→ **Listed records**
· · · ·

(* Let $Z$ be a feasible point of the SDP relaxation described in the context, with first-row data $(z_+,z_-,\rho)$, and let $(x_+^{Q},x_-^{Q},r^{Q})$ be its reconstruction, i.e. $x_\pm^{Q}=z_\pm$ and $r^{Q}=\max\{r\in[0,1]: (A_\delta z_+ + A_\delta z_- + b_\delta)\,r + A_c z_+ - A_c z_- - b_c\le 0\}$. If $(x_+^{Q},x_-^{Q})$ is a strictly efficient solution of the LP of robustness level $r^{Q}$, then $(x_+^{Q},x_-^{Q},r^{Q})$ is an efficient solution of the QCQP.
   Context: Let $k,m,n\in\mathbb{N}$. Let $A_c,A_\delta\in\mathbb{R}^{m\times n}$ with $A_\delta\ge 0$ entrywise, $b_c,b_\delta\in\mathbb{R}^m$ with $b_\delta\ge0$, $G\in\mathbb{R}^{k\times n}$, and $\ell,u\in\mathbb{R}^n$ with $\ell\le u$. All vector inequalities are componentwise. QCQP: variables $x_+,x_-\in\mathbb{R}^n_{\ge0}$, $r\in[0,1]$, subject to $A_cx_+-A_cx_-+rA_\delta x_++rA_\delta x_-+rb_\delta-b_c\le0$ and $\ell\le x_+-x_-\le u$; vector objective $F(x_+,x_-,r)=(G(x_+-x_-),-r)\in\mathbb{R}^{k+1}$, minimized in the Pareto sense. LP of robustness level $r$ (for fixed $r\in[0,1]$): variables $x_+,x_-\in\mathbb{R}^n_{\ge0}$, subject to $(A_c+rA_\delta)x_+-(A_c-rA_\delta)x_-\le b_c-rb_\delta$ and $\ell\le x_+-x_-\le u$; vector objective $G(x_+-x_-)\in\mathbb{R}^k$, minimized in the Pareto sense. SDP relaxation: variable a symmetric positive semidefinite matrix $Z$ of size $(2n+2)\times(2n+2)$ written in block form with row/column blocks of sizes $1,n,n,1$: $Z=\begin{pmatrix} Z_{00} & z_+^T & z_-^T & \rho\\ z_+ & * & * & w_+\\ z_- & * & * & w_-\\ \rho & w_+^T & w_-^T & \sigma\end{pmatrix}$, with $z_\pm,w_\pm\in\mathbb{R}^n$, $\rho,\sigma\in\mathbb{R}$. Constraints: $Z_{00}=1$; $A_cz_+-A_cz_-+A_\delta(w_++w_-)+\rho\, b_\delta-b_c\le0$; $\ell\le z_+-z_-\le u$; $z_+,z_-\ge0$, $\rho\ge0$, $w_+,w_-\ge0$; $\sigma\le1$. Vector objective $(G(z_+-z_-),-\rho)\in\mathbb{R}^{k+1}$, minimized in the Pareto sense. Efficiency (for minimizing a vector function $f$ over a feasible set $\mathcal{X}$): $x^*\in\mathcal{X}$ is efficient if there is no $x\in\mathcal{X}$ with $f(x)\le f(x^* )$ and $f(x)\ne f(x^* )$; weakly efficient if there is no $x\in\mathcal{X}$ with $f(x)<f(x^* )$ (all components strict); strictly efficient if there is no $x\in\mathcal{X}$, $x\neq x^*$, with $f(x)\le f(x^* )$. For $\epsilon\ge0$, $x^*$ is weakly $\epsilon$-efficient if there is no $x\in\mathcal{X}$ with $f(x)<f(x^* )-\epsilon\mathbb{1}$, where $\mathbb{1}$ is the all-ones vector. *)

theory Defs
  imports "HOL-Analysis.Analysis"
begin

text \<open>Vector orders on real^'n are componentwise (less_eq_vec_def, less_vec_def).\<close>

definition efficient :: "'a set \<Rightarrow> ('a \<Rightarrow> 'b::order) \<Rightarrow> 'a \<Rightarrow> bool" where
  "efficient X f x \<longleftrightarrow> x \<in> X \<and> \<not> (\<exists>y\<in>X. f y \<le> f x \<and> f y \<noteq> f x)"

definition strictly_efficient :: "'a set \<Rightarrow> ('a \<Rightarrow> 'b::order) \<Rightarrow> 'a \<Rightarrow> bool" where
  "strictly_efficient X f x \<longleftrightarrow> x \<in> X \<and> \<not> (\<exists>y\<in>X. y \<noteq> x \<and> f y \<le> f x)"

definition qcqp_feasible ::
  "real^'n^'m \<Rightarrow> real^'n^'m \<Rightarrow> real^'m \<Rightarrow> real^'m \<Rightarrow> real^'n \<Rightarrow> real^'n
   \<Rightarrow> ((real^'n) \<times> (real^'n) \<times> real) set" where
  "qcqp_feasible Ac Ad bc bd l u =
    {(xp, xm, r). 0 \<le> xp \<and> 0 \<le> xm \<and> 0 \<le> r \<and> r \<le> 1 \<and>
      Ac *v xp - Ac *v xm + r *\<^sub>R (Ad *v xp) + r *\<^sub>R (Ad *v xm) + r *\<^sub>R bd - bc \<le> 0 \<and>
      l \<le> xp - xm \<and> xp - xm \<le> u}"

definition qcqp_obj :: "real^'n^'k \<Rightarrow> (real^'n) \<times> (real^'n) \<times> real \<Rightarrow> real^('k + unit)" where
  "qcqp_obj G = (\<lambda>(xp, xm, r). \<chi> i. (case i of Inl j \<Rightarrow> (G *v (xp - xm)) $ j | Inr _ \<Rightarrow> - r))"

definition lp_feasible ::
  "real^'n^'m \<Rightarrow> real^'n^'m \<Rightarrow> real^'m \<Rightarrow> real^'m \<Rightarrow> real^'n \<Rightarrow> real^'n \<Rightarrow> real
   \<Rightarrow> ((real^'n) \<times> (real^'n)) set" where
  "lp_feasible Ac Ad bc bd l u r =
    {(xp, xm). 0 \<le> xp \<and> 0 \<le> xm \<and>
      (Ac + r *\<^sub>R Ad) *v xp - (Ac - r *\<^sub>R Ad) *v xm \<le> bc - r *\<^sub>R bd \<and>
      l \<le> xp - xm \<and> xp - xm \<le> u}"

definition lp_obj :: "real^'n^'k \<Rightarrow> (real^'n) \<times> (real^'n) \<Rightarrow> real^'k" where
  "lp_obj G = (\<lambda>(xp, xm). G *v (xp - xm))"

definition psd :: "real^'a^'a \<Rightarrow> bool" where
  "psd Z \<longleftrightarrow> transpose Z = Z \<and> (\<forall>x. 0 \<le> x \<bullet> (Z *v x))"

text \<open>SDP matrix indices: blocks of sizes 1, n, n, 1 as unit + 'n + 'n + unit.\<close>
type_synonym 'n sdpidx = "unit + 'n + 'n + unit"

definition i0 :: "'n sdpidx" where "i0 = Inl ()"
definition ip :: "'n \<Rightarrow> 'n sdpidx" where "ip j = Inr (Inl j)"
definition im :: "'n \<Rightarrow> 'n sdpidx" where "im j = Inr (Inr (Inl j))"
definition ilast :: "'n sdpidx" where "ilast = Inr (Inr (Inr ()))"

definition sdp_zp :: "real^('n::finite sdpidx)^('n sdpidx) \<Rightarrow> real^'n" where
  "sdp_zp Z = (\<chi> j. Z $ i0 $ ip j)"
definition sdp_zm :: "real^('n::finite sdpidx)^('n sdpidx) \<Rightarrow> real^'n" where
  "sdp_zm Z = (\<chi> j. Z $ i0 $ im j)"
definition sdp_rho :: "real^('n::finite sdpidx)^('n sdpidx) \<Rightarrow> real" where
  "sdp_rho Z = Z $ i0 $ ilast"
definition sdp_wp :: "real^('n::finite sdpidx)^('n sdpidx) \<Rightarrow> real^'n" where
  "sdp_wp Z = (\<chi> j. Z $ ip j $ ilast)"
definition sdp_wm :: "real^('n::finite sdpidx)^('n sdpidx) \<Rightarrow> real^'n" where
  "sdp_wm Z = (\<chi> j. Z $ im j $ ilast)"
definition sdp_sigma :: "real^('n::finite sdpidx)^('n sdpidx) \<Rightarrow> real" where
  "sdp_sigma Z = Z $ ilast $ ilast"

definition sdp_feasible ::
  "real^'n^'m \<Rightarrow> real^'n^'m \<Rightarrow> real^'m \<Rightarrow> real^'m \<Rightarrow> real^'n \<Rightarrow> real^'n
   \<Rightarrow> real^('n::finite sdpidx)^('n sdpidx) \<Rightarrow> bool" where
  "sdp_feasible Ac Ad bc bd l u Z \<longleftrightarrow> psd Z \<and> Z $ i0 $ i0 = 1 \<and>
     Ac *v sdp_zp Z - Ac *v sdp_zm Z + Ad *v (sdp_wp Z + sdp_wm Z) + sdp_rho Z *\<^sub>R bd - bc \<le> 0 \<and>
     l \<le> sdp_zp Z - sdp_zm Z \<and> sdp_zp Z - sdp_zm Z \<le> u \<and>
     0 \<le> sdp_zp Z \<and> 0 \<le> sdp_zm Z \<and> 0 \<le> sdp_rho Z \<and> 0 \<le> sdp_wp Z \<and> 0 \<le> sdp_wm Z \<and>
     sdp_sigma Z \<le> 1"

text \<open>Reconstructed robustness level r^Q (the maximum exists: the set contains 0 for
  SDP-feasible Z and is compact).\<close>
definition recon_r ::
  "real^'n^'m \<Rightarrow> real^'n^'m \<Rightarrow> real^'m \<Rightarrow> real^'m \<Rightarrow> real^('n::finite sdpidx)^('n sdpidx) \<Rightarrow> real" where
  "recon_r Ac Ad bc bd Z = (GREATEST r. 0 \<le> r \<and> r \<le> 1 \<and>
     r *\<^sub>R (Ad *v sdp_zp Z + Ad *v sdp_zm Z + bd) + Ac *v sdp_zp Z - Ac *v sdp_zm Z - bc \<le> 0)"

end

theory Submission
  imports Defs
begin

text \<open>The QCQP is the union over \<open>r \<in> [0,1]\<close> of the LPs of robustness level \<open>r\<close>, and
  because \<open>A\<^sub>\<delta>, b\<^sub>\<delta> \<ge> 0\<close> and \<open>x\<^sub>\<plusminus> \<ge> 0\<close> the LP feasible sets shrink as \<open>r\<close> grows.
  A QCQP point dominating \<open>(z\<^sub>+, z\<^sub>-, r\<^sup>Q)\<close> has level \<open>r \<ge> r\<^sup>Q\<close>, so its \<open>x\<close>-part is
  feasible for the LP of level \<open>r\<^sup>Q\<close> and dominates \<open>(z\<^sub>+, z\<^sub>-)\<close> there; strict efficiency forces
  it to equal \<open>(z\<^sub>+, z\<^sub>-)\<close>, and then maximality of \<open>r\<^sup>Q\<close> forces \<open>r = r\<^sup>Q\<close>. SDP feasibility is
  only needed to make \<open>r = 0\<close> admissible for \<open>(z\<^sub>+, z\<^sub>-)\<close>, so that \<open>r\<^sup>Q\<close> is attained.\<close>

lemma matrix_vector_mult_nonneg:
  fixes A :: "real^'n^'m"
  assumes "0 \<le> A" and "0 \<le> x"
  shows "0 \<le> A *v x"
  using assms unfolding less_eq_vec_def matrix_vector_mult_def
  by (auto intro!: sum_nonneg)

definition robust_lhs ::
  "real^'n^'m \<Rightarrow> real^'n^'m \<Rightarrow> real^'m \<Rightarrow> real^'m \<Rightarrow> real^'n \<Rightarrow> real^'n \<Rightarrow> real \<Rightarrow> real^'m" where
  "robust_lhs Ac Ad bc bd xp xm r = r *\<^sub>R (Ad *v xp + Ad *v xm + bd) + Ac *v xp - Ac *v xm - bc"

lemma lp_feasible_iff:
  "(xp, xm) \<in> lp_feasible Ac Ad bc bd l u r \<longleftrightarrow>
     0 \<le> xp \<and> 0 \<le> xm \<and> robust_lhs Ac Ad bc bd xp xm r \<le> 0 \<and> l \<le> xp - xm \<and> xp - xm \<le> u"
proof -
  have "(Ac + r *\<^sub>R Ad) *v xp - (Ac - r *\<^sub>R Ad) *v xm - (bc - r *\<^sub>R bd)
          = robust_lhs Ac Ad bc bd xp xm r"
    by (simp add: robust_lhs_def algebra_simps scaleR_matrix_vector_assoc)
  then show ?thesis
    unfolding lp_feasible_def
    by (metis (no_types, lifting) case_prod_conv diff_le_0_iff_le mem_Collect_eq)
qed

lemma qcqp_feasible_iff_lp_feasible:
  "(xp, xm, r) \<in> qcqp_feasible Ac Ad bc bd l u \<longleftrightarrow>
     0 \<le> r \<and> r \<le> 1 \<and> (xp, xm) \<in> lp_feasible Ac Ad bc bd l u r"
  unfolding lp_feasible_iff qcqp_feasible_def robust_lhs_def
  by (auto simp: algebra_simps)

lemma robust_lhs_mono:
  assumes "0 \<le> Ad" and "0 \<le> bd" and "0 \<le> xp" and "0 \<le> xm" and "r \<le> s"
  shows "robust_lhs Ac Ad bc bd xp xm r \<le> robust_lhs Ac Ad bc bd xp xm s"
proof -
  have "0 \<le> Ad *v xp + Ad *v xm + bd"
    using assms by (simp add: matrix_vector_mult_nonneg add_nonneg_nonneg)
  then have "r *\<^sub>R (Ad *v xp + Ad *v xm + bd) \<le> s *\<^sub>R (Ad *v xp + Ad *v xm + bd)"
    using \<open>r \<le> s\<close> by (simp add: scaleR_right_mono)
  then show ?thesis
    unfolding robust_lhs_def by (simp add: diff_right_mono add_right_mono)
qed

lemma lp_feasible_antimono:
  assumes "0 \<le> Ad" and "0 \<le> bd" and "r \<le> s"
    and "(xp, xm) \<in> lp_feasible Ac Ad bc bd l u s"
  shows "(xp, xm) \<in> lp_feasible Ac Ad bc bd l u r"
  using assms robust_lhs_mono[OF assms(1,2) _ _ assms(3)] order_trans
  unfolding lp_feasible_iff by blast

lemma Greatest_of_compact:
  fixes P :: "real \<Rightarrow> bool"
  assumes "compact (Collect P)" and "P r"
  shows "P (Greatest P)" and "\<And>s. P s \<Longrightarrow> s \<le> Greatest P"
proof -
  obtain m where "P m" and m_max: "\<And>s. P s \<Longrightarrow> s \<le> m"
    using compact_attains_sup[OF assms(1)] assms(2) by auto
  then have "Greatest P = m"
    by (blast intro: Greatest_equality)
  with \<open>P m\<close> m_max show "P (Greatest P)" and "\<And>s. P s \<Longrightarrow> s \<le> Greatest P"
    by auto
qed

lemma compact_robust_levels:
  "compact {r. 0 \<le> r \<and> r \<le> 1 \<and> robust_lhs Ac Ad bc bd xp xm r \<le> 0}"
  unfolding compact_eq_bounded_closed
proof
  show "bounded {r. 0 \<le> r \<and> r \<le> 1 \<and> robust_lhs Ac Ad bc bd xp xm r \<le> 0}"
    by (rule bounded_subset[of "{0..1}"]) auto
  have "closed {r. \<forall>i. (robust_lhs Ac Ad bc bd xp xm r) $ i \<le> 0}"
    unfolding robust_lhs_def
    by (simp add: Collect_all_eq closed_INT closed_Collect_le continuous_intros)
  then show "closed {r. 0 \<le> r \<and> r \<le> 1 \<and> robust_lhs Ac Ad bc bd xp xm r \<le> 0}"
    by (simp add: Collect_conj_eq closed_Int closed_Collect_le less_eq_vec_def)
qed

lemma qcqp_obj_le_iff:
  "qcqp_obj G (xp, xm, r) \<le> qcqp_obj G (yp, ym, s) \<longleftrightarrow>
     lp_obj G (xp, xm) \<le> lp_obj G (yp, ym) \<and> s \<le> r"
  unfolding less_eq_vec_def qcqp_obj_def lp_obj_def
  by (auto split: sum.splits)

lemma sdp_feasible_imp_nominal_lp_feasible:
  assumes "0 \<le> Ad" and "0 \<le> bd" and "sdp_feasible Ac Ad bc bd l u Z"
  shows "(sdp_zp Z, sdp_zm Z) \<in> lp_feasible Ac Ad bc bd l u 0"
proof -
  let ?lifted = "Ad *v (sdp_wp Z + sdp_wm Z) + sdp_rho Z *\<^sub>R bd"
  have "0 \<le> ?lifted"
    using assms unfolding sdp_feasible_def
    by (simp add: matrix_vector_mult_nonneg add_nonneg_nonneg scaleR_nonneg_nonneg)
  moreover have "Ac *v sdp_zp Z - Ac *v sdp_zm Z - bc + ?lifted \<le> 0"
    using assms(3) unfolding sdp_feasible_def by (simp add: algebra_simps)
  ultimately have "Ac *v sdp_zp Z - Ac *v sdp_zm Z - bc \<le> 0"
    by (meson add_increasing2 order_trans order_refl)
  then show ?thesis
    using assms(3) by (simp add: lp_feasible_iff robust_lhs_def sdp_feasible_def)
qed

lemma recon_r_maximal:
  assumes "0 \<le> Ad" and "0 \<le> bd" and "sdp_feasible Ac Ad bc bd l u Z"
  shows "(sdp_zp Z, sdp_zm Z, recon_r Ac Ad bc bd Z) \<in> qcqp_feasible Ac Ad bc bd l u"
    and "\<And>r. (sdp_zp Z, sdp_zm Z, r) \<in> qcqp_feasible Ac Ad bc bd l u \<Longrightarrow> r \<le> recon_r Ac Ad bc bd Z"
proof -
  define P where
    "P r \<longleftrightarrow> 0 \<le> r \<and> r \<le> 1 \<and> robust_lhs Ac Ad bc bd (sdp_zp Z) (sdp_zm Z) r \<le> 0" for r
  have nominal: "(sdp_zp Z, sdp_zm Z) \<in> lp_feasible Ac Ad bc bd l u 0"
    using assms by (rule sdp_feasible_imp_nominal_lp_feasible)
  then have feasible_iff:
    "(sdp_zp Z, sdp_zm Z, r) \<in> qcqp_feasible Ac Ad bc bd l u \<longleftrightarrow> P r" for r
    by (auto simp: P_def qcqp_feasible_iff_lp_feasible lp_feasible_iff)
  have "recon_r Ac Ad bc bd Z = Greatest P"
    unfolding recon_r_def P_def[abs_def] robust_lhs_def by (rule refl)
  moreover have "compact (Collect P)"
    unfolding P_def by (rule compact_robust_levels)
  moreover have "P 0"
    using nominal by (simp add: P_def lp_feasible_iff)
  ultimately show "(sdp_zp Z, sdp_zm Z, recon_r Ac Ad bc bd Z) \<in> qcqp_feasible Ac Ad bc bd l u"
    and "\<And>r. (sdp_zp Z, sdp_zm Z, r) \<in> qcqp_feasible Ac Ad bc bd l u \<Longrightarrow> r \<le> recon_r Ac Ad bc bd Z"
    using Greatest_of_compact feasible_iff by metis+
qed

theorem mainTheorem1:
  fixes Ac Ad :: "real^'n^'m" and bc bd :: "real^'m" and G :: "real^'n^'k"
    and l u :: "real^'n" and Z :: "real^('n sdpidx)^('n sdpidx)"
  assumes "0 \<le> Ad" and "0 \<le> bd" and "l \<le> u"
    and "sdp_feasible Ac Ad bc bd l u Z"
    and "strictly_efficient (lp_feasible Ac Ad bc bd l u (recon_r Ac Ad bc bd Z)) (lp_obj G)
           (sdp_zp Z, sdp_zm Z)"
  shows "efficient (qcqp_feasible Ac Ad bc bd l u) (qcqp_obj G)
           (sdp_zp Z, sdp_zm Z, recon_r Ac Ad bc bd Z)"
proof -
  let ?Q = "qcqp_feasible Ac Ad bc bd l u" and ?rQ = "recon_r Ac Ad bc bd Z"
  note feasible = recon_r_maximal(1)[OF assms(1,2,4)]
    and maximal = recon_r_maximal(2)[OF assms(1,2,4)]
  show ?thesis
    unfolding efficient_def
  proof (intro conjI feasible notI)
    assume "\<exists>y\<in>?Q. qcqp_obj G y \<le> qcqp_obj G (sdp_zp Z, sdp_zm Z, ?rQ) \<and>
                    qcqp_obj G y \<noteq> qcqp_obj G (sdp_zp Z, sdp_zm Z, ?rQ)"
    then obtain yp ym r where y: "(yp, ym, r) \<in> ?Q"
      and dominates: "qcqp_obj G (yp, ym, r) \<le> qcqp_obj G (sdp_zp Z, sdp_zm Z, ?rQ)"
      and differs: "qcqp_obj G (yp, ym, r) \<noteq> qcqp_obj G (sdp_zp Z, sdp_zm Z, ?rQ)"
      by auto
    from dominates have G_le: "lp_obj G (yp, ym) \<le> lp_obj G (sdp_zp Z, sdp_zm Z)"
      and "?rQ \<le> r" by (simp_all add: qcqp_obj_le_iff)
    with y have "(yp, ym) \<in> lp_feasible Ac Ad bc bd l u ?rQ"
      using assms(1,2) lp_feasible_antimono qcqp_feasible_iff_lp_feasible by blast
    with G_le assms(5) have "(yp, ym) = (sdp_zp Z, sdp_zm Z)"
      unfolding strictly_efficient_def by blast
    with y have "r = ?rQ"
      using maximal \<open>?rQ \<le> r\<close> by fastforce
    with differs \<open>(yp, ym) = (sdp_zp Z, sdp_zm Z)\<close> show False
      by simp
  qed
qed

end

· · · ·

→ **Brief**
Where a line of the listing contains the word "rule", it counts toward the total; say how many lines that makes, giving the number alone.

→ **Answer to this task**
4